A couple of months ago, my four-year old stopped needing a nap. Great. Nap time was the only time during the day I had to myself to write and veg out a little (okay, and eat chocolate).
Soon after, I was given a double-whammy: my two year-old also felt he could live off bedtime alone.
I began scouring pages of Pinterest for activities they could do alone. I went through my hoarder-style closet full of toys I bought for a rainy day but had never given them.
As a former teacher, I thought it’d be best to create a calendar arranged by theme of what they could do in what I dubbed “Alone Time” while I continued on with my old routine.
I planned to have the kids work on math-related activities one day, art another, etc.

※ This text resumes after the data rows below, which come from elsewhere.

lemma eigenvalue_iff_mem_eigenvalue_list:
  assumes "A \<in> carrier_mat n n" "eigenvalue_list A es"
  shows "eigenvalue A x \<longleftrightarrow> x \<in> set es"
proof -
  have "poly (\<Prod>a\<leftarrow>es. [:- a, 1:]) x = 0 \<longleftrightarrow> x \<in> set es" for es :: "real list"
    by (induction es) auto
  with assms show ?thesis
    by (simp add: eigenvalue_root_char_poly eigenvalue_list_def)
qed

lemma eigenvalue_list_nonempty:
  assumes "A \<in> carrier_mat n n" "eigenvalue_list A es" "n \<ge> 1"
  shows "es \<noteq> []"
  using assms degree_monic_char_poly[OF assms(1)] by (auto simp: eigenvalue_list_def)

lemma trace_mult_self_symmetric:
  assumes A: "A \<in> carrier_mat n n" and sym: "transpose_mat A = A"
  shows "trace (A * A) = (\<Sum>i<n. \<Sum>j<n. (A $$ (i,j)) ^ 2)"
proof -
  have "A $$ (j,i) = A $$ (i,j)" if "i < n" "j < n" for i j
    using that A arg_cong[OF sym, of "\<lambda>M. M $$ (i,j)"] by auto
  then show ?thesis
    using A by (auto simp: trace_def index_mult_mat_sum[OF A A] power2_eq_square
        simp del: index_mult_mat(1) intro!: sum.cong)
qed

lemma eigenvalue_abs_le_row_sum:
  fixes A :: "real mat"
  assumes A: "A \<in> carrier_mat n n" and ev: "eigenvalue A x"
    and rows: "\<And>i. i < n \<Longrightarrow> (\<Sum>j<n. \<bar>A $$ (i,j)\<bar>) \<le> r"
  shows "\<bar>x\<bar> \<le> r"
proof -
  from ev A obtain v where v: "v \<in> carrier_vec n" "v \<noteq> 0\<^sub>v n" and Av: "A *\<^sub>v v = x \<cdot>\<^sub>v v"
    unfolding eigenvalue_def eigenvector_def by auto
  have "\<exists>i<n. v $ i \<noteq> 0"
    using v by (metis eq_vecI carrier_vecD index_zero_vec(1,2))
  then have ne: "{..<n} \<noteq> {}" by auto
  define M where "M = Max ((\<lambda>j. \<bar>v $ j\<bar>) ` {..<n})"
  have "M \<in> (\<lambda>j. \<bar>v $ j\<bar>) ` {..<n}"
    unfolding M_def using ne by (intro Max_in) auto
  then obtain i where i: "i < n" and Mi: "M = \<bar>v $ i\<bar>" by auto
  have Mj: "\<bar>v $ j\<bar> \<le> M" if "j < n" for j
    unfolding M_def using that by (intro Max_ge) auto
  have M0: "M > 0"
    using Mj \<open>\<exists>i<n. v $ i \<noteq> 0\<close> by (meson zero_less_abs_iff order_less_le_trans)
  have "\<bar>x\<bar> * M = \<bar>\<Sum>j<n. A $$ (i,j) * v $ j\<bar>"
    using arg_cong[OF Av, of "\<lambda>w. w $ i"] A v i Mi
    by (auto simp: scalar_prod_def lessThan_atLeast0 abs_mult)
  also have "\<dots> \<le> (\<Sum>j<n. \<bar>A $$ (i,j)\<bar> * M)"
    by (rule order_trans[OF sum_abs sum_mono]) (auto simp: abs_mult intro: mult_left_mono Mj)
  also have "\<dots> \<le> r * M"
    using rows[OF i] M0 by (simp add: sum_distrib_right[symmetric])
  finally show ?thesis using M0 by simp
qed

lemma sum_if_mem_zero:
  assumes "S \<subseteq> {..<n}"
  shows "(\<Sum>k<n. if k \<in> S then 0 else c) = (real n - real (card S)) * (c::real)"
proof -
  have "finite S" using assms finite_subset by blast
  have "(\<Sum>k<n. if k \<in> S then 0 else c) = (\<Sum>k\<in>{..<n} - S. c)"
    by (simp add: sum.If_cases Diff_eq Int_commute)
  also have "\<dots> = (real n - real (card S)) * c"
    using assms \<open>finite S\<close> card_mono[of "{..<n}" S] by (simp add: card_Diff_subset of_nat_diff)
  finally show ?thesis .
qed

lemma seidel_carrier [simp]: "seidel n E \<in> carrier_mat n n"
  by (simp add: seidel_def)

lemma dim_seidel [simp]: "dim_row (seidel n E) = n" "dim_col (seidel n E) = n"
  by (simp_all add: seidel_def)

lemma index_seidel [simp]:
  "i < n \<Longrightarrow> j < n \<Longrightarrow> seidel n E $$ (i,j) = (if i = j then 0 else if E i j then -1 else 1)"
  by (simp add: seidel_def)

lemma simple_graph_complete_adj: "simple_graph n complete_adj"
  by (auto simp: simple_graph_def complete_adj_def)

lemma transpose_seidel: "simple_graph n E \<Longrightarrow> transpose_mat (seidel n E) = seidel n E"
  by (rule eq_matI) (auto simp: simple_graph_def)

lemma index_seidel_sq_diag:
  assumes "simple_graph n E" "i < n"
  shows "(seidel n E * seidel n E) $$ (i,i) = real n - 1"
proof -
  have "(seidel n E * seidel n E) $$ (i,i) = (\<Sum>k<n. if k \<in> {i} then 0 else 1)"
    using assms unfolding index_mult_mat_sum[OF seidel_carrier seidel_carrier assms(2,2)]
    by (intro sum.cong) (auto simp: simple_graph_def)
  then show ?thesis using sum_if_mem_zero[of "{i}" n 1] assms by simp
qed

lemma abs_index_seidel_sq_le:
  assumes "i < n" "j < n" "i \<noteq> j"
  shows "\<bar>(seidel n E * seidel n E) $$ (i,j)\<bar> \<le> real n - 2"
proof -
  have "\<bar>(seidel n E * seidel n E) $$ (i,j)\<bar>
    \<le> (\<Sum>k<n. \<bar>seidel n E $$ (i,k) * seidel n E $$ (k,j)\<bar>)"
    unfolding index_mult_mat_sum[OF seidel_carrier seidel_carrier assms(1,2)] by (rule sum_abs)
  also have "\<dots> \<le> (\<Sum>k<n. if k \<in> {i,j} then 0 else 1)"
    using assms by (intro sum_mono) auto
  also have "\<dots> = real n - 2"
    using sum_if_mem_zero[of "{i,j}" n 1] assms by simp
  finally show ?thesis .
qed

lemma index_seidel_complete_sq:
  assumes "i < n" "j < n" "i \<noteq> j"
  shows "(seidel n complete_adj * seidel n complete_adj) $$ (i,j) = real n - 2"
proof -
  have "(seidel n complete_adj * seidel n complete_adj) $$ (i,j)
    = (\<Sum>k<n. if k \<in> {i,j} then 0 else 1)"
    using assms unfolding index_mult_mat_sum[OF seidel_carrier seidel_carrier assms(1,2)]
    by (intro sum.cong) (auto simp: complete_adj_def)
  then show ?thesis using sum_if_mem_zero[of "{i,j}" n 1] assms by simp
qed

lemma trace_seidel_sq:
  assumes "simple_graph n E"
  shows "trace (seidel n E ^\<^sub>m 2) = real n * (real n - 1)"
proof -
  have "trace (seidel n E ^\<^sub>m 2) = trace (seidel n E * seidel n E)"
    by (simp add: numeral_eq_Suc)
  also have "\<dots> = (\<Sum>i<n. real n - 1)"
    unfolding trace_def using assms by (simp add: index_seidel_sq_diag del: index_mult_mat(1))
  finally show ?thesis by simp
qed

lemma trace_seidel_pow4:
  assumes "simple_graph n E"
  shows "trace (seidel n E ^\<^sub>m 4) = (\<Sum>i<n. \<Sum>j<n. ((seidel n E * seidel n E) $$ (i,j)) ^ 2)"
proof -
  let ?S = "seidel n E"
  have SS: "?S * ?S \<in> carrier_mat n n" using mult_carrier_mat[OF seidel_carrier seidel_carrier] .
  have "?S ^\<^sub>m 4 = (?S * ?S) * ?S * ?S" by (simp add: numeral_eq_Suc)
  also have "\<dots> = (?S * ?S) * (?S * ?S)" using assoc_mult_mat[OF SS seidel_carrier seidel_carrier] .
  finally have "trace (?S ^\<^sub>m 4) = trace ((?S * ?S) * (?S * ?S))" by simp
  moreover have "transpose_mat (?S * ?S) = ?S * ?S"
    using transpose_mult[OF seidel_carrier seidel_carrier] transpose_seidel[OF assms] by simp
  ultimately show ?thesis using trace_mult_self_symmetric[OF SS] by simp
qed

lemma trace_seidel_pow4_le:
  assumes "simple_graph n E"
  shows "trace (seidel n E ^\<^sub>m 4) \<le> trace (seidel n complete_adj ^\<^sub>m 4)"
  unfolding trace_seidel_pow4[OF assms] trace_seidel_pow4[OF simple_graph_complete_adj]
proof (intro sum_mono)
  fix i j assume "i \<in> {..<n}" "j \<in> {..<n}"
  then consider "i = j" "i < n" | "i \<noteq> j" "i < n" "j < n" by auto
  then show "((seidel n E * seidel n E) $$ (i,j))\<^sup>2
    \<le> ((seidel n complete_adj * seidel n complete_adj) $$ (i,j))\<^sup>2"
  proof cases
    case 1
    then show ?thesis
      using assms simple_graph_complete_adj
      by (simp add: index_seidel_sq_diag del: index_mult_mat(1))
  next
    case 2
    then have "\<bar>(seidel n E * seidel n E) $$ (i,j)\<bar> \<le> \<bar>real n - 2\<bar>"
      using abs_index_seidel_sq_le[of i n j E] by linarith
    then have "((seidel n E * seidel n E) $$ (i,j))\<^sup>2 \<le> (real n - 2)\<^sup>2"
      using abs_le_square_iff by blast
    then show ?thesis
      using 2 by (simp add: index_seidel_complete_sq del: index_mult_mat(1))
  qed
qed

lemma trace_seidel_complete_pow4:
  "trace (seidel n complete_adj ^\<^sub>m 4) = (real n - 1) ^ 4 + (real n - 1)"
proof -
  let ?S = "seidel n complete_adj"
  have row: "(\<Sum>j<n. ((?S * ?S) $$ (i,j))\<^sup>2) = (real n - 1)\<^sup>2 + (real n - 1) * (real n - 2)\<^sup>2"
    if i: "i < n" for i
  proof -
    have "(\<Sum>j<n. ((?S * ?S) $$ (i,j))\<^sup>2)
      = (real n - 1)\<^sup>2 + (\<Sum>j<n. if j \<in> {i} then 0 else (real n - 2)\<^sup>2)"
      using i simple_graph_complete_adj
      by (simp add: sum.remove[of _ i] index_seidel_sq_diag index_seidel_complete_sq
          sum.If_cases Diff_eq Int_commute del: index_mult_mat(1))
    then show ?thesis using sum_if_mem_zero[of "{i}" n] i by simp
  qed
  have "trace (?S ^\<^sub>m 4) = (\<Sum>i<n. (real n - 1)\<^sup>2 + (real n - 1) * (real n - 2)\<^sup>2)"
    unfolding trace_seidel_pow4[OF simple_graph_complete_adj] using row by simp
  also have "\<dots> = (real n - 1) ^ 4 + (real n - 1)"
    by (simp add: power2_eq_square power4_eq_xxxx algebra_simps)
  finally show ?thesis .
qed

lemma abs_seidel_eigenvalue_le:
  assumes "eigenvalue (seidel n E) x"
  shows "\<bar>x\<bar> \<le> real n - 1"
proof (rule eigenvalue_abs_le_row_sum[OF seidel_carrier assms])
  fix i assume i: "i < n"
  have "(\<Sum>j<n. \<bar>seidel n E $$ (i,j)\<bar>) = (\<Sum>j<n. if j \<in> {i} then 0 else 1)"
    using i by (intro sum.cong) auto
  then show "(\<Sum>j<n. \<bar>seidel n E $$ (i,j)\<bar>) \<le> real n - 1"
    using sum_if_mem_zero[of "{i}" n 1] i by simp
qed

lemma seidel_complete_eigenvalue:
  assumes "n \<ge> 1"
  shows "eigenvalue (seidel n complete_adj) (1 - real n)"
proof -
  let ?v = "vec n (\<lambda>_. 1) :: real vec"
  have "(seidel n complete_adj *\<^sub>v ?v) $ i = (1 - real n) * ?v $ i" if i: "i < n" for i
  proof -
    have "(seidel n complete_adj *\<^sub>v ?v) $ i = (\<Sum>j<n. if j \<in> {i} then 0 else -1)"
      using i by (auto simp: scalar_prod_def atLeast0LessThan complete_adj_def intro!: sum.cong)
    then show ?thesis using sum_if_mem_zero[of "{i}" n "-1"] i by simp
  qed
  then have "seidel n complete_adj *\<^sub>v ?v = (1 - real n) \<cdot>\<^sub>v ?v"
    by (intro eq_vecI) auto
  moreover have "?v $ 0 \<noteq> 0\<^sub>v n $ 0"
    using assms by simp
  then have "?v \<noteq> 0\<^sub>v n" by metis
  ultimately show ?thesis
    unfolding eigenvalue_def eigenvector_def by (auto intro!: exI[of _ ?v])
qed

theorem lemma3p1:
  fixes n :: nat and E :: "nat \<Rightarrow> nat \<Rightarrow> bool" and th thK :: "real list"
  assumes "n \<ge> 1
    \<and> simple_graph n E
    \<and> eigenvalue_list (seidel n E) th
    \<and> eigenvalue_list (seidel n complete_adj) thK"
  shows "(\<Sum>x\<leftarrow>th. x ^ 2) = (real n - 1) ^ 2 + (real n - 1)
    \<and> (\<Sum>x\<leftarrow>th. x ^ 4) \<le> (\<Sum>x\<leftarrow>thK. x ^ 4)
    \<and> (\<Sum>x\<leftarrow>thK. x ^ 4) = (real n - 1) ^ 4 + (real n - 1)
    \<and> Max ((\<lambda>x. x ^ 2) ` set th) \<le> Max ((\<lambda>x. x ^ 2) ` set thK)
    \<and> Max ((\<lambda>x. x ^ 2) ` set thK) = (real n - 1) ^ 2"
proof -
  from assms have n: "n \<ge> 1" and G: "simple_graph n E"
    and th: "eigenvalue_list (seidel n E) th"
    and thK: "eigenvalue_list (seidel n complete_adj) thK" by auto
  have power_sum: "(\<Sum>x\<leftarrow>es. x ^ k) = trace (seidel n F ^\<^sub>m k)"
    if "eigenvalue_list (seidel n F) es" for F es k
    using that power_sum_eq_trace_pow[OF seidel_carrier] by (simp add: eigenvalue_list_def)
  have square_le: "x\<^sup>2 \<le> (real n - 1)\<^sup>2"
    if "eigenvalue_list (seidel n F) es" "x \<in> set es" for F es x
    using abs_seidel_eigenvalue_le[of n F x] n that abs_le_square_iff[of x "real n - 1"]
    by (simp add: eigenvalue_iff_mem_eigenvalue_list[OF seidel_carrier that(1)])
  have "1 - real n \<in> set thK"
    using seidel_complete_eigenvalue[OF n] eigenvalue_iff_mem_eigenvalue_list[OF seidel_carrier thK]
    by blast
  then have max_K: "Max ((\<lambda>x. x ^ 2) ` set thK) = (real n - 1) ^ 2"
    using square_le[OF thK]
    by (intro antisym Max.boundedI Max_ge_iff[THEN iffD2]) (auto simp: power2_commute)
  have "Max ((\<lambda>x. x ^ 2) ` set th) \<le> (real n - 1) ^ 2"
    using square_le[OF th] eigenvalue_list_nonempty[OF seidel_carrier th n]
    by (intro Max.boundedI) auto
  moreover have "(\<Sum>x\<leftarrow>th. x ^ 2) = (real n - 1) ^ 2 + (real n - 1)"
    using power_sum[OF th, of 2] trace_seidel_sq[OF G]
    by (simp add: power2_eq_square algebra_simps)
  moreover have "(\<Sum>x\<leftarrow>th. x ^ 4) \<le> (\<Sum>x\<leftarrow>thK. x ^ 4)"
    using power_sum[OF th, of 4] power_sum[OF thK, of 4] trace_seidel_pow4_le[OF G] by simp
  moreover have "(\<Sum>x\<leftarrow>thK. x ^ 4) = (real n - 1) ^ 4 + (real n - 1)"
    using power_sum[OF thK, of 4] trace_seidel_complete_pow4 by simp
  ultimately show ?thesis using max_K by simp
qed

end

I created boxes with fun math things, brand new art ideas…
FAIL!
The activities and toys were so foreign, the kids had no idea what to do with them. I was called in again and again to help them. My son plain wasn’t interested in the toys he’d never seen before. I didn’t get it: on Pinterest, these Alone Time bins worked like magic.

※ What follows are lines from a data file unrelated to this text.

(* Let $\mu$ be a strict partition. Then $$M\,\mathcal Q(\mu,\mu+(1))=\mathcal Q(\mu,\overline{\mu})\quad\text{and}\quad N\,\mathcal Q(\mu,\mu+(1))=\mathcal Q(\overline{\mu},\overline{\mu}+(1)).$$ Moreover, for any $\beta\in\mathcal Q(\mu,\overline\mu)$ (respectively $\beta\in\mathcal Q(\overline\mu,\overline\mu+(1))$) there is a unique $\alpha\in\mathcal Q(\mu,\mu+(1))$ with $\beta\in M(\alpha)$ (respectively $\beta\in N(\alpha)$).
   Context: Partitions are weakly decreasing sequences of nonnegative integers with finitely many nonzero parts, identified with Ferrers boards. $\alpha$ contains $\mu$ if deleting some rows and some columns of the Ferrers board of $\alpha$ and top/left-justifying yields $\mu$; otherwise $\alpha$ avoids $\mu$. Strict: positive parts distinct. $\alpha+\beta=(\alpha_1+\beta_1,\alpha_2+\beta_2,\ldots)$; $(w^m)$ is the partition with $m$ parts equal to $w$. $m(\alpha)$ is the multiplicity of the largest part of $\alpha$. $\mathcal Q(\tau,\mu)$ is the set of partitions of positive weight containing $\tau$ and avoiding $\mu$. For a partition $\mu$, $\overline\mu=(\mu_1+1,\mu_1,\mu_2,\ldots)$. For a partition $\alpha$: $M(\alpha)=\{\alpha+(w^{m(\alpha)}):w\ge0\}$ and $N(\alpha)=\{\alpha+(w^{m(\alpha)})+(1^c):w\ge0,\ 0<c<m(\alpha)\}$; for a set $S$ of partitions, $MS=\bigcup_{\alpha\in S}M(\alpha)$ and $NS=\bigcup_{\alpha\in S}N(\alpha)$. *)

theory Defs
  imports Main
begin

definition is_partition :: "nat list \<Rightarrow> bool" where
  "is_partition xs \<longleftrightarrow> sorted_wrt (\<ge>) xs \<and> (\<forall>x\<in>set xs. 0 < x)"

definition strict_partition :: "nat list \<Rightarrow> bool" where
  "strict_partition xs \<longleftrightarrow> is_partition xs \<and> sorted_wrt (>) xs"

definition weight :: "nat list \<Rightarrow> nat" where
  "weight xs = sum_list xs"

definition part :: "nat list \<Rightarrow> nat \<Rightarrow> nat" where
  "part xs i = (if i < length xs then xs ! i else 0)"

definition ferrers :: "nat list \<Rightarrow> (nat \<times> nat) set" where
  "ferrers xs = {(i, j). i < length xs \<and> j < xs ! i}"

text \<open>alpha contains mu: keep rows R and columns C of the Ferrers board of alpha,
  then top/left-justify (renumber kept rows/columns in order); the result is the
  Ferrers board of mu.\<close>
definition contains :: "nat list \<Rightarrow> nat list \<Rightarrow> bool" where
  "contains \<alpha> \<mu> \<longleftrightarrow> (\<exists>R C :: nat set.
     ferrers \<mu> = (\<lambda>(i, j). (card {r\<in>R. r < i}, card {c\<in>C. c < j})) ` (ferrers \<alpha> \<inter> (R \<times> C)))"

text \<open>Componentwise sum of partitions (zero parts dropped to stay canonical).\<close>
definition padd :: "nat list \<Rightarrow> nat list \<Rightarrow> nat list" where
  "padd xs ys = filter (\<lambda>x. 0 < x)
     (map (\<lambda>i. part xs i + part ys i) [0..<max (length xs) (length ys)])"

As I was rearranging toys in my bedroom, my daughter came in and began to play with something we had done together a bunch of times and then I had put away. Well, what do you know: now she was ready for it to be played with solo.
And that’s when I realized something: we could still do the fun activities I had planned, but we’d need to do them together first. They needed to explore them when I could answer questions and show them how fun they could be.
I needed to flip the toys in my house. The toys that were in the living room that we played with together a million times could be used in their bedrooms for Alone Time. The new toys would then go in the living room where the kids and I could play with them together.
The kids didn’t need to do art alone. Instead, we can do art together—this also allowed for messy supplies and scissors. The cool princess dice and graph paper with dry erase markers would also be fun to do together. Once she gets it, then it can be an option for alone time. And I didn't need to be all teacher-y and have a planned agenda. It would require too much work on my part and not really matter to the kids that much.
I’m excited to try my new plan. I’ll report back on how it went.